If it is our factory that make the mold: Not including express fee, the cost is only about USD$16 when made in our best grade molded graphite material. (Even made in our isomolded graphite, the cost is only about USD$23). but the express fee for 1 pcs may cost nearly $40. so the unit price for 1 pcs is $16+$40=$56. But for 2 pcs, the express fee is about $50, then the unit price is $16+$50/2= $41. There is a lot of profit.

So I wonder, how many graphite molds do you buy each time? If it is like 5 pcs each time, I think maybe I can try to retail on eBay. If the quantity is only 1 pcs each time, I am not sure if to retail the molds is a good idea.


----------



## Tarzan Tsui (Mar 4, 2021)

Some of my contact information as below:

My name is Tarzan, you guys can contact me via email [email protected] or Whatsapp: +86 18737926175.
My Linkedin page is:https://www.linkedin.com/in/tarzan-tsui-b82209a8/

I am the marketing of XRD Graphite Manufacturing Co., Ltd. in China. The website of our company: www.xrdgraphite.com (in Chinese) or www.graphitemachining.cn (in English).
and the video about our company on Youtube:https://www.youtube.com/watch?v=BIxIbM6N8jM


----------



## FrugalRefiner (Mar 4, 2021)

Tarzan Tsui said:


> For example, an graphite ingot mold like the picture below, in outside dimention of 6.0"x 5.0"x 0.75", it may be sold as USD$60 on line.
> If it is our factory that make the mold: Not including express fee, the cost is only about USD$16 when made in our best grade molded graphite material. (Even made in our isomolded graphite, the cost is only about USD$23). but the express fee for 1 pcs may cost nearly $40. so the unit price for 1 pcs is $16+$40=$56. But for 2 pcs, the express fee is about $50, then the unit price is $16+$50/2= $31. There is a lot of profit.

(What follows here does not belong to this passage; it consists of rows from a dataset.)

lemma abs_qq_pos: "\<gamma> > 0 \<Longrightarrow> n \<ge> 1 \<Longrightarrow> \<bar>qq \<gamma> n\<bar> > 0"
proof -
  assume "\<gamma> > 0" "n \<ge> 1"
  then have "((real n + 3*\<gamma> - 1) * (real n + 1) * (real n + \<gamma>)) /
             ((2 * real n + 3*\<gamma> + 1) * (2 * real n + 3*\<gamma> - 1)) > 0"
    by (intro divide_pos_pos mult_pos_pos) auto
  with \<open>\<gamma> > 0\<close> show ?thesis unfolding qq_def by (simp add: add_pos_pos)
qed

lemma qq_squared_le:
  assumes "\<gamma> \<ge> 0" "n \<ge> 1"
  shows "(qq \<gamma> n)\<^sup>2 \<le> 1 / (8 * (2 * real n + 3*\<gamma>))"
proof -
  define x where "x = 2 * real n + 3*\<gamma>"
  define A where "A = (real n + 3*\<gamma> - 1) * (real n + 1) * (real n + \<gamma>)"
  define t where "t = real n - 1"
  have t: "t \<ge> 0" and n: "real n = t + 1" using assms(2) unfolding t_def by auto
  have x: "x > 1" using assms unfolding x_def by simp
  have "x * (x\<^sup>2 - 1) - 8 * A
     = 6*(1 - 3/2*\<gamma>)\<^sup>2 + 27*\<gamma>*(\<gamma> - 1/4)\<^sup>2 + 6*\<gamma>\<^sup>2 + 21/16*\<gamma>
       + t*(30*(\<gamma> - 4/15)\<^sup>2 + 58/15) + 4*t\<^sup>2*\<gamma>"
    unfolding x_def A_def n by (simp add: algebra_simps power2_eq_square power3_eq_cube)
  also have "\<dots> \<ge> 0"
    using assms t by (intro add_nonneg_nonneg mult_nonneg_nonneg) simp_all
  finally have "A \<le> x / 8 * ((x + 1) * (x - 1))"
    by (simp add: algebra_simps power2_eq_square)
  then have "A / ((x + 1) * (x - 1)) \<le> x / 8"
    using x by (simp add: divide_le_eq)
  then have "A / ((x + 1) * (x - 1)) / x\<^sup>2 \<le> (x / 8) / x\<^sup>2"
    by (rule divide_right_mono) simp
  then have "(qq \<gamma> n)\<^sup>2 \<le> (x / 8) / x\<^sup>2"
    using qq_squared[OF assms] unfolding x_def[symmetric] A_def[symmetric] by simp
  also have "\<dots> = 1 / (8 * x)" using x by (simp add: power2_eq_square)
  finally show ?thesis unfolding x_def .
qed

lemma pp_nonneg: "\<gamma> \<ge> 0 \<Longrightarrow> n \<ge> 1 \<Longrightarrow> pp \<gamma> n \<ge> 0"
  unfolding pp_def by (intro divide_nonneg_nonneg add_nonneg_nonneg mult_nonneg_nonneg) auto

lemma pp_2: "pp \<gamma> 2 = (4 + 8*\<gamma> + 6*\<gamma>\<^sup>2) / ((4 + 3*\<gamma>) * (2 + 3*\<gamma>))"
  unfolding pp_def by (simp add: algebra_simps)

lemma pp_bound_2:
  assumes "\<gamma> \<ge> 0"
  shows "(1 - (1+\<gamma>)/(2*(1+2*\<gamma>))) *
           (pp \<gamma> 2 + 16/(9*(4+3*\<gamma>)) + 4*\<gamma>/((2+3*\<gamma>)*(1+3*\<gamma>))) \<le> 99/100"
proof -
  define a b c d where "a = 4+3*\<gamma>" and "b = 2+3*\<gamma>" and "c = 1+3*\<gamma>" and "d = 1+2*\<gamma>"
  have pos: "a > 0" "b > 0" "c > 0" "d > 0" using assms unfolding a_def b_def c_def d_def by auto
  define D where "D = 18*d*a*b*c"
  define Q where "Q = (2*d-1-\<gamma>) * (9*c*(4+8*\<gamma>+6*\<gamma>\<^sup>2) + 16*b*c + 36*\<gamma>*a)"
  have "99*D - 100*Q = 7456 + 36156*\<gamma> + 69354*\<gamma>\<^sup>2 + 99846*\<gamma>^3 + 47628*\<gamma>^4"
    unfolding D_def Q_def a_def b_def c_def d_def
    by (simp add: algebra_simps power2_eq_square power3_eq_cube power4_eq_xxxx)
  also have "\<dots> \<ge> 0" using assms by (intro add_nonneg_nonneg mult_nonneg_nonneg) simp_all
  finally have "Q \<le> 99/100 * D" by linarith
  moreover have "D > 0" using pos unfolding D_def by simp
  moreover have "(1 - (1+\<gamma>)/(2*d)) * ((4+8*\<gamma>+6*\<gamma>\<^sup>2)/(a*b) + 16/(9*a) + 4*\<gamma>/(b*c)) = Q / D"
    unfolding D_def Q_def using pos by (simp add: field_simps)
  ultimately show ?thesis unfolding pp_2 a_def b_def c_def d_def by (simp add: pos_divide_le_eq)
qed

lemma pp_bound_odd:
  assumes "\<gamma> \<ge> 0" "n \<ge> 3"
  shows "(1 + (2+\<gamma>)/(4*(1+2*\<gamma>))) * (pp \<gamma> n + 1/12 + 9/128) \<le> 99/100"
proof -
  define t where "t = real n - 3"
  have t: "t \<ge> 0" and n: "real n = t + 3" using assms(2) unfolding t_def by auto
  define x y d where "x = 2 * real n + 3*\<gamma>" and "y = 2 * real n + 3*\<gamma> - 2" and "d = 1+2*\<gamma>"
  have pos: "x > 0" "y > 0" "d > 0" using assms unfolding x_def y_def d_def by auto
  define num where "num = 2 * real n * (real n - 1) + (6 * real n - 4) * \<gamma> + 6 * \<gamma>\<^sup>2"
  define D where "D = 4*d*384*(x*y)"
  define Q where "Q = (4*d+2+\<gamma>)*(384*num+59*(x*y))"
  have "99*D - 100*Q
      = 35136 + 2151792*\<gamma> + 2360016*\<gamma>\<^sup>2 + 185652*\<gamma>^3 + 29280*t + 1582128*t*\<gamma>
        + 938736*t*\<gamma>\<^sup>2 + 5856*t\<^sup>2 + 312912*t\<^sup>2*\<gamma>"
    unfolding D_def Q_def x_def y_def d_def num_def n
    by (simp add: algebra_simps power2_eq_square power3_eq_cube)
  also have "\<dots> \<ge> 0" using assms t by (intro add_nonneg_nonneg mult_nonneg_nonneg) simp_all
  finally have "Q \<le> 99/100 * D" by linarith
  moreover have "D > 0" using pos unfolding D_def by simp
  moreover have "(1 + (2+\<gamma>)/(4*d)) * (num/(x*y) + 1/12 + 9/128) = Q / D"
    unfolding Q_def D_def using pos by (simp add: field_simps)
  ultimately show ?thesis unfolding pp_def x_def y_def d_def num_def by (simp add: pos_divide_le_eq)
qed

lemma pp_bound_even:
  assumes "\<gamma> \<ge> 0" "n \<ge> 4"
  shows "pp \<gamma> n + 16/(9*(2 * real n + 3*\<gamma>)) + 3/(2*(2 * real n + 3*\<gamma> - 2)) \<le> 99/100"
proof -
  define t where "t = real n - 4"
  have t: "t \<ge> 0" and n: "real n = t + 4" using assms(2) unfolding t_def by auto
  define x y where "x = 2 * real n + 3*\<gamma>" and "y = 2 * real n + 3*\<gamma> - 2"
  have pos: "x > 0" "y > 0" using assms unfolding x_def y_def by auto
  define num where "num = 2 * real n * (real n - 1) + (6 * real n - 4) * \<gamma> + 6 * \<gamma>\<^sup>2"
  define D where "D = 18*(x*y)"
  define Q where "Q = 18*num + 32*y + 27*x"
  have "99*D - 100*Q = 1536 + 21144*\<gamma> + 5238*\<gamma>\<^sup>2 + 12896*t + 10584*t*\<gamma> + 3528*t\<^sup>2"
    unfolding D_def Q_def x_def y_def num_def n by (simp add: algebra_simps power2_eq_square)
  also have "\<dots> \<ge> 0" using assms t by (intro add_nonneg_nonneg mult_nonneg_nonneg) simp_all
  finally have "Q \<le> 99/100 * D" by linarith
  moreover have "D > 0" using pos unfolding D_def by simp
  moreover have "num/(x*y) + 16/(9*x) + 3/(2*y) = Q / D"
    unfolding Q_def D_def using pos by (simp add: field_simps)
  ultimately show ?thesis unfolding pp_def x_def y_def num_def by (simp add: pos_divide_le_eq)
qed

definition weight :: "real \<Rightarrow> nat \<Rightarrow> real" where
  "weight \<gamma> n = (if n = 1 then 2 * (2 + 3*\<gamma>) else if odd n then 12
                   else 9/16 * (2 * real n + 3*\<gamma>))"

definition beta :: "real \<Rightarrow> nat \<Rightarrow> real" where
  "beta \<gamma> n = (if n = 0 then 0 else weight \<gamma> n * \<bar>qq \<gamma> n\<bar>)"

lemma weight_pos: "\<gamma> > 0 \<Longrightarrow> weight \<gamma> n > 0"
  unfolding weight_def by (auto simp: add_nonneg_pos)

lemma beta_pos: "\<gamma> > 0 \<Longrightarrow> n \<ge> 1 \<Longrightarrow> beta \<gamma> n > 0"
  unfolding beta_def using weight_pos abs_qq_pos by simp

lemma weighted_terms_eq:
  assumes "\<gamma> > 0" "n \<ge> 1"
  shows "pp \<gamma> n + \<bar>qq \<gamma> n\<bar> / beta \<gamma> n + \<bar>qq \<gamma> (n - 1)\<bar> * beta \<gamma> (n - 1)
           = pp \<gamma> n + 1 / weight \<gamma> n +
             (if n = 1 then 0 else weight \<gamma> (n - 1) * (qq \<gamma> (n - 1))\<^sup>2)"
  using assms abs_qq_pos[OF assms] weight_pos[of \<gamma> n]
  by (auto simp: beta_def power2_eq_square abs_mult_self_eq)

lemma weighted_sum_nonneg:
  assumes "\<gamma> > 0" "n \<ge> 1"
  shows "pp \<gamma> n + 1 / weight \<gamma> n + weight \<gamma> (n - 1) * (qq \<gamma> (n - 1))\<^sup>2 \<ge> 0"
  using pp_nonneg[of \<gamma> n] weight_pos[OF assms(1), of n] weight_pos[OF assms(1), of "n - 1"] assms
  by (intro add_nonneg_nonneg mult_nonneg_nonneg) simp_all

lemma weighted_bound_1:
  assumes "\<gamma> > 0"
  shows "(1 - nu \<gamma> 1) * (pp \<gamma> 1 + 1 / weight \<gamma> 1) = 1 - 1 / (4 * (2 + 3*\<gamma>))"
proof -
  define a where "a = 2 + 3*\<gamma>"
  have "pp \<gamma> 1 = (\<gamma> * (2*a - 2)) / (\<gamma> * (3*a))"
    unfolding pp_def a_def by (simp add: algebra_simps power2_eq_square)
  then have pp1: "pp \<gamma> 1 = (2*a - 2) / (3*a)" using assms by simp
  have nu1: "nu \<gamma> 1 = -1/2" using nu_eq_pochhammer[OF assms, of 1] assms by simp
  have "a \<noteq> 0" using assms unfolding a_def by simp
  then show ?thesis unfolding pp1 nu1 weight_def a_def[symmetric] by (simp add: field_simps)
qed

lemma weighted_bound_2:
  assumes "\<gamma> > 0"
  shows "(1 - nu \<gamma> 2) * (pp \<gamma> 2 + 1 / weight \<gamma> 2 + weight \<gamma> 1 * (qq \<gamma> 1)\<^sup>2) \<le> 99/100"
proof -
  define a b c where "a = 2 + 3*\<gamma>" and "b = 1 + 3*\<gamma>" and "c = 1 + \<gamma>"
  have nz: "a \<noteq> 0" "b \<noteq> 0" "c \<noteq> 0" using assms unfolding a_def b_def c_def by auto
  have "(qq \<gamma> 1)\<^sup>2 = (3*\<gamma> * 2 * c) / (3*c * b) / a\<^sup>2"
    using qq_squared[of \<gamma> 1] assms unfolding a_def b_def c_def by (simp add: algebra_simps)
  then have "weight \<gamma> 1 * (qq \<gamma> 1)\<^sup>2 = 4*\<gamma> / (a*b)"
    using nz unfolding weight_def a_def[symmetric] by (simp add: field_simps power2_eq_square)
  moreover have "nu \<gamma> 2 = (1+\<gamma>)/(2*(1+2*\<gamma>))"
    using nu_eq_pochhammer[OF assms, of 2] pochhammer_ratio_2[OF assms] by simp
  moreover have "1 / weight \<gamma> 2 = 16/(9*(4+3*\<gamma>))" unfolding weight_def by simp
  ultimately show ?thesis
    using pp_bound_2[of \<gamma>] assms unfolding a_def b_def by simp
qed

lemma weighted_bound_odd:
  assumes "\<gamma> > 0" "odd n" "n \<ge> 3"
  shows "(1 - nu \<gamma> n) * (pp \<gamma> n + 1 / weight \<gamma> n + weight \<gamma> (n - 1) * (qq \<gamma> (n - 1))\<^sup>2)
           \<le> 99/100"
proof -
  define y where "y = 2 * real (n - 1) + 3*\<gamma>"
  have y: "y > 0" using assms unfolding y_def by simp
  have w: "weight \<gamma> (n - 1) = 9/16 * y" using assms unfolding weight_def y_def by auto
  have "(qq \<gamma> (n - 1))\<^sup>2 \<le> 1 / (8 * y)"
    using assms qq_squared_le[of \<gamma> "n - 1"] unfolding y_def by simp
  then have "weight \<gamma> (n - 1) * (qq \<gamma> (n - 1))\<^sup>2 \<le> 9/16 * y * (1 / (8 * y))"
    unfolding w by (rule mult_left_mono) (use y in simp)
  also have "\<dots> = 9/128" using y by simp
  finally have q: "weight \<gamma> (n - 1) * (qq \<gamma> (n - 1))\<^sup>2 \<le> 9/128" .
  define r where "r = pochhammer \<gamma> n / pochhammer (2*\<gamma>) n"
  have "r \<le> (2+\<gamma>)/(4*(1+2*\<gamma>))"
    using pochhammer_ratio_antimono[of \<gamma> "2*\<gamma>" 3 n] pochhammer_ratio_3 assms
    unfolding r_def by simp
  moreover have "r \<ge> 0" unfolding r_def using assms by (simp add: pochhammer_nonneg)
  moreover have "nu \<gamma> n = - r" using nu_eq_pochhammer[OF assms(1), of n] assms(2) unfolding r_def by simp
  moreover have "weight \<gamma> n = 12" using assms unfolding weight_def by auto
  moreover have "pp \<gamma> n + 1 / weight \<gamma> n + weight \<gamma> (n - 1) * (qq \<gamma> (n - 1))\<^sup>2 \<ge> 0"
    using weighted_sum_nonneg assms by simp
  ultimately have "(1 - nu \<gamma> n) * (pp \<gamma> n + 1 / weight \<gamma> n + weight \<gamma> (n - 1) * (qq \<gamma> (n - 1))\<^sup>2)
                   \<le> (1 + (2+\<gamma>)/(4*(1+2*\<gamma>))) * (pp \<gamma> n + 1/12 + 9/128)"
    using q by (intro mult_mono) auto
  also have "\<dots> \<le> 99/100" using pp_bound_odd assms by simp
  finally show ?thesis .
qed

I think your math is a little off.

$16 + $50 / 2 would be $33 each, but shouldn't it be $32 + $50 / 2 = $41 each?

Dave


----------



## Tarzan Tsui (Mar 4, 2021)

FrugalRefiner said:


> Tarzan Tsui said:
> 
> 
> > For example, an graphite ingot mold like the picture below, in outside dimention of 6.0"x 5.0"x 0.75", it may be sold as USD$60 on line.
> ...



Hi Dave, thanks for the reply. But actually I mean $16 +($50/2）=$41. The $50 is divided by 2 because when 2 pcs, the express fee is $50, so on average it would be $25 for each pcs. But the $16 is the cost for one pcs, so it was not divided by 2.


----------



## Tarzan Tsui (Mar 4, 2021)

FrugalRefiner said:


> Tarzan Tsui said:
> 
> 
> > For example, an graphite ingot mold like the picture below, in outside dimention of 6.0"x 5.0"x 0.75", it may be sold as USD$60 on line.
> ...



oh sorry, I see the mistakes. My fault. I will correct it. Thank you, Dave.


----------